We have always strived to model for our children that life is about experiences, not possessions, and some of that has rubbed off.  For the past six years, the primary focus for Elizabeth has been getting her Ph.D. in Mathematics at the University of Illinois, in Champaign-Urbana, IL. A wrinkle for her was her thesis advisor taking a sabbatical and then transferring to Hunter College in NYC. He continued to advise her, albeit remotely.  That was her introduction to the remote learning world that we all became way too familiar with in 2020. Elizabeth spent the spring semester of 2019 at Hunter, working with her advisor and teaching as an Adjunct Professor.  In a bit of serendipity, just when Elizabeth needed a place to live in New York City, her brother’s NYC apartment became available as he took an assignment in South Africa.  She split time between the city and staying with our dear former next-door neighbor in Fairfield, CT. The summer of 2019 was spent traveling to speak at conferences around the world, and the fall of 2019 involved traveling to speak at graduate seminars around the country as part of a job search for a post-doc position. Elizabeth has had a more exciting 2020 than most as she successfully defended her thesis, in the field of Geometric Group Theory, and graduated in May. Her research work and her teaching were both recognized with university-level awards. The job search was also successful as, out of four offers, she was able to accept a multi-year research/teaching position at her first-choice institution, the University of Utah in Salt Lake City, UT. Her few possessions went into a pod to be shipped and in July she drove out to Utah by way of the South Dakota Badlands, sleeping in a tent at campgrounds to stay isolated from the coronavirus.  Her graduation present from her brother and dear friend, Lisa, is a Tibetan Terrier puppy that at 4 months old knows more tricks than our Bella.

Evan similarly has had an experience filled couple of years. After graduating from the Univ. of Michigan in 2017, Evan joined the Anheiser-Busch (A-B) Global Management Training (GMT) program and spent 10 months living out of one suitcase as he was rotated through 10 different training situations, going end-to-end in both the process and the country, from a brewery in Georgia to a distributor in Seattle. His last training assignment, global finance in New York City in 2018 at the A-B parent company, InBev, also ended up being his first permanent work assignment. At the beginning of 2019, on two weeks’ notice, Evan and his one suitcase of possessions relocated to Johannesburg, South Africa, for a 3-month assignment. On the successful completion of that assignment, he was asked to stay for another year. In February of 2020, Evan returned to New York City for a position in international sales performance management. He returned just in time to be locked-down, working remotely from his mid-town Manhattan apartment. In a ‘romance trumps COVID’ story, his online dating profile was swiped by an equally hard-working young woman, Taylor Short, who was looking for a running partner as, with gyms shut down, running along NYC’s riverbanks was one of the few outlets available to serious fitness nuts. Conversations during pre-run stretching and post-run cool downs with rooftop beverages led them to discover many common interests that they are currently exploring together.

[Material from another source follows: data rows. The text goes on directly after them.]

(* Assume the standing assumptions stated in the context. Let $\mathsf{u}=(\mathsf{u}_1,\mathsf{u}_2)$ be a bounded upper semicontinuous viscosity subsolution of the system $$\rho v_j(x)=H(x,y_j,Dv_j(x))+\lambda_j\big(v_{\bar\jmath}(x)-v_j(x)\big),\qquad j=1,2,\ \bar\jmath=3-j,$$ on $[\underline{x},+\infty)$. Let $\mathsf{v}=(\mathsf{v}_1,\mathsf{v}_2)$ be a bounded lower semicontinuous viscosity supersolution of the same system on $(\underline{x},+\infty)$. Extend $\mathsf{v}_j$ to $\underline{x}$ by $$\mathsf{v}_j(\underline{x})=\liminf_{z\to\underline{x},\,z>\underline{x}}\mathsf{v}_j(z).$$ Then $\mathsf{u}_j\le\mathsf{v}_j$ on $[\underline{x},+\infty)$ for $j=1,2$.
   Context: Standing assumptions: $\rho>0$; $-\infty<r<\rho$; $0<y_1<y_2$; $\gamma>1$; $\underline{x}\le0$ with $\rho\underline{x}+y_j>0$ for $j=1,2$; $\lambda_1,\lambda_2\ge0$ are constants (Poisson switching intensities). The utility is $u(c)=\frac{c^{1-\gamma}}{1-\gamma}$ for $c>0$. The Hamiltonian is $$H(x,y_j,p)=\sup_{c\ge0}\{u(c)+(rx+y_j-c)p\}=\begin{cases}(rx+y_j)p+\frac{\gamma}{1-\gamma}p^{1-\frac1\gamma}, & p\ge0,\\ +\infty,& p<0.\end{cases}$$ All functions are defined on $[\underline{x},+\infty)$. Viscosity subsolution on a set $S\subseteq[\underline{x},\infty)$: an u.s.c. pair $v=(v_1,v_2)$ such that whenever $\varphi$ is smooth, $j\in\{1,2\}$, and $v_j-\varphi$ has a local maximum (relative to $[\underline{x},\infty)$) at $x_0\in S$, then $\rho v_j(x_0)\le H(x_0,y_j,D\varphi(x_0))+\lambda_j(v_{\bar\jmath}(x_0)-v_j(x_0))$. Viscosity supersolution on $S$: an l.s.c. pair such that whenever $v_j-\varphi$ has a local minimum at $x_0\in S$, then $\rho v_j(x_0)\ge H(x_0,y_j,D\varphi(x_0))+\lambda_j(v_{\bar\jmath}(x_0)-v_j(x_0))$. *)

theory Defs
  imports "HOL-Analysis.Analysis" "HOL-Library.Extended_Real"
begin

definition Ham :: "real \<Rightarrow> real \<Rightarrow> real \<Rightarrow> real \<Rightarrow> real \<Rightarrow> ereal" where
  "Ham r \<gamma> x y p =
     (if p \<ge> 0 then ereal ((r * x + y) * p + \<gamma> / (1 - \<gamma>) * p powr (1 - 1 / \<gamma>))
      else \<infinity>)"

text \<open>Smooth (here: continuously differentiable on the reals) test functions.\<close>
definition test_fun :: "(real \<Rightarrow> real) \<Rightarrow> (real \<Rightarrow> real) \<Rightarrow> bool" where
  "test_fun \<phi> D\<phi> \<longleftrightarrow> (\<forall>x. (\<phi> has_real_derivative D\<phi> x) (at x)) \<and> continuous_on UNIV D\<phi>"

definition loc_max_rel :: "real \<Rightarrow> (real \<Rightarrow> real) \<Rightarrow> real \<Rightarrow> bool" where
  "loc_max_rel xl f x0 \<longleftrightarrow> (\<exists>e>0. \<forall>x. xl \<le> x \<and> \<bar>x - x0\<bar> < e \<longrightarrow> f x \<le> f x0)"

definition loc_min_rel :: "real \<Rightarrow> (real \<Rightarrow> real) \<Rightarrow> real \<Rightarrow> bool" where
  "loc_min_rel xl f x0 \<longleftrightarrow> (\<exists>e>0. \<forall>x. xl \<le> x \<and> \<bar>x - x0\<bar> < e \<longrightarrow> f x0 \<le> f x)"

definition usc_on :: "real set \<Rightarrow> (real \<Rightarrow> real) \<Rightarrow> bool" where
  "usc_on S f \<longleftrightarrow> (\<forall>x\<in>S. \<forall>e>0. \<exists>d>0. \<forall>z\<in>S. \<bar>z - x\<bar> < d \<longrightarrow> f z < f x + e)"

definition lsc_on :: "real set \<Rightarrow> (real \<Rightarrow> real) \<Rightarrow> bool" where
  "lsc_on S f \<longleftrightarrow> (\<forall>x\<in>S. \<forall>e>0. \<exists>d>0. \<forall>z\<in>S. \<bar>z - x\<bar> < d \<longrightarrow> f x - e < f z)"

text \<open>Pairs are indexed by j in {1,2}; the other index is 3 - j.
  Parameters: rho r gamma, incomes y j, intensities lam j, lower bound xl.\<close>
definition visc_sub :: "real \<Rightarrow> real \<Rightarrow> real \<Rightarrow> (nat \<Rightarrow> real) \<Rightarrow> (nat \<Rightarrow> real) \<Rightarrow> real
    \<Rightarrow> real set \<Rightarrow> (nat \<Rightarrow> real \<Rightarrow> real) \<Rightarrow> bool" where
  "visc_sub \<rho> r \<gamma> y lam xl S v \<longleftrightarrow>
     (\<forall>j\<in>{1,2}. usc_on {xl..} (v j)) \<and>
     (\<forall>\<phi> D\<phi> j x0. test_fun \<phi> D\<phi> \<and> j \<in> {1,2} \<and> x0 \<in> S \<and>
        loc_max_rel xl (\<lambda>x. v j x - \<phi> x) x0 \<longrightarrow>
        ereal (\<rho> * v j x0) \<le> Ham r \<gamma> x0 (y j) (D\<phi> x0) + ereal (lam j * (v (3 - j) x0 - v j x0)))"

definition visc_super :: "real \<Rightarrow> real \<Rightarrow> real \<Rightarrow> (nat \<Rightarrow> real) \<Rightarrow> (nat \<Rightarrow> real) \<Rightarrow> real
    \<Rightarrow> real set \<Rightarrow> (nat \<Rightarrow> real \<Rightarrow> real) \<Rightarrow> bool" where
  "visc_super \<rho> r \<gamma> y lam xl S v \<longleftrightarrow>
     (\<forall>j\<in>{1,2}. lsc_on S (v j)) \<and>
     (\<forall>\<phi> D\<phi> j x0. test_fun \<phi> D\<phi> \<and> j \<in> {1,2} \<and> x0 \<in> S \<and>
        loc_min_rel xl (\<lambda>x. v j x - \<phi> x) x0 \<longrightarrow>
        ereal (\<rho> * v j x0) \<ge> Ham r \<gamma> x0 (y j) (D\<phi> x0) + ereal (lam j * (v (3 - j) x0 - v j x0)))"

end

theory Submission
  imports Defs
begin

As mentioned in the letter, 2020 has not been a good year in so many ways. Yet the fact that the next generation - our legacy, our purpose – can not only survive, but can flourish in 2020 provides hope. And it is not an unfounded hope, but rather a well-founded expectation that our children, not just Elizabeth and Evan, but your children and their generation, will take the world they inherit and do great things with it.  Through Google, I discovered that the original meaning of being blessed means that you have inherited the world, but not in the sense of inheriting riches, rather in the sense of “You have inherited the world, now what are you going to make of it?” We are truly blessed, and we pass that blessing on to the next generation to make something of the world. 2020 has impacted our world, but the years past and the years to come will prove that 2020 has been a learning opportunity, a prism enabling us to see the spectrum of the world in a new way. May you use the insights learned in 2020 to make the world a better place in 2021.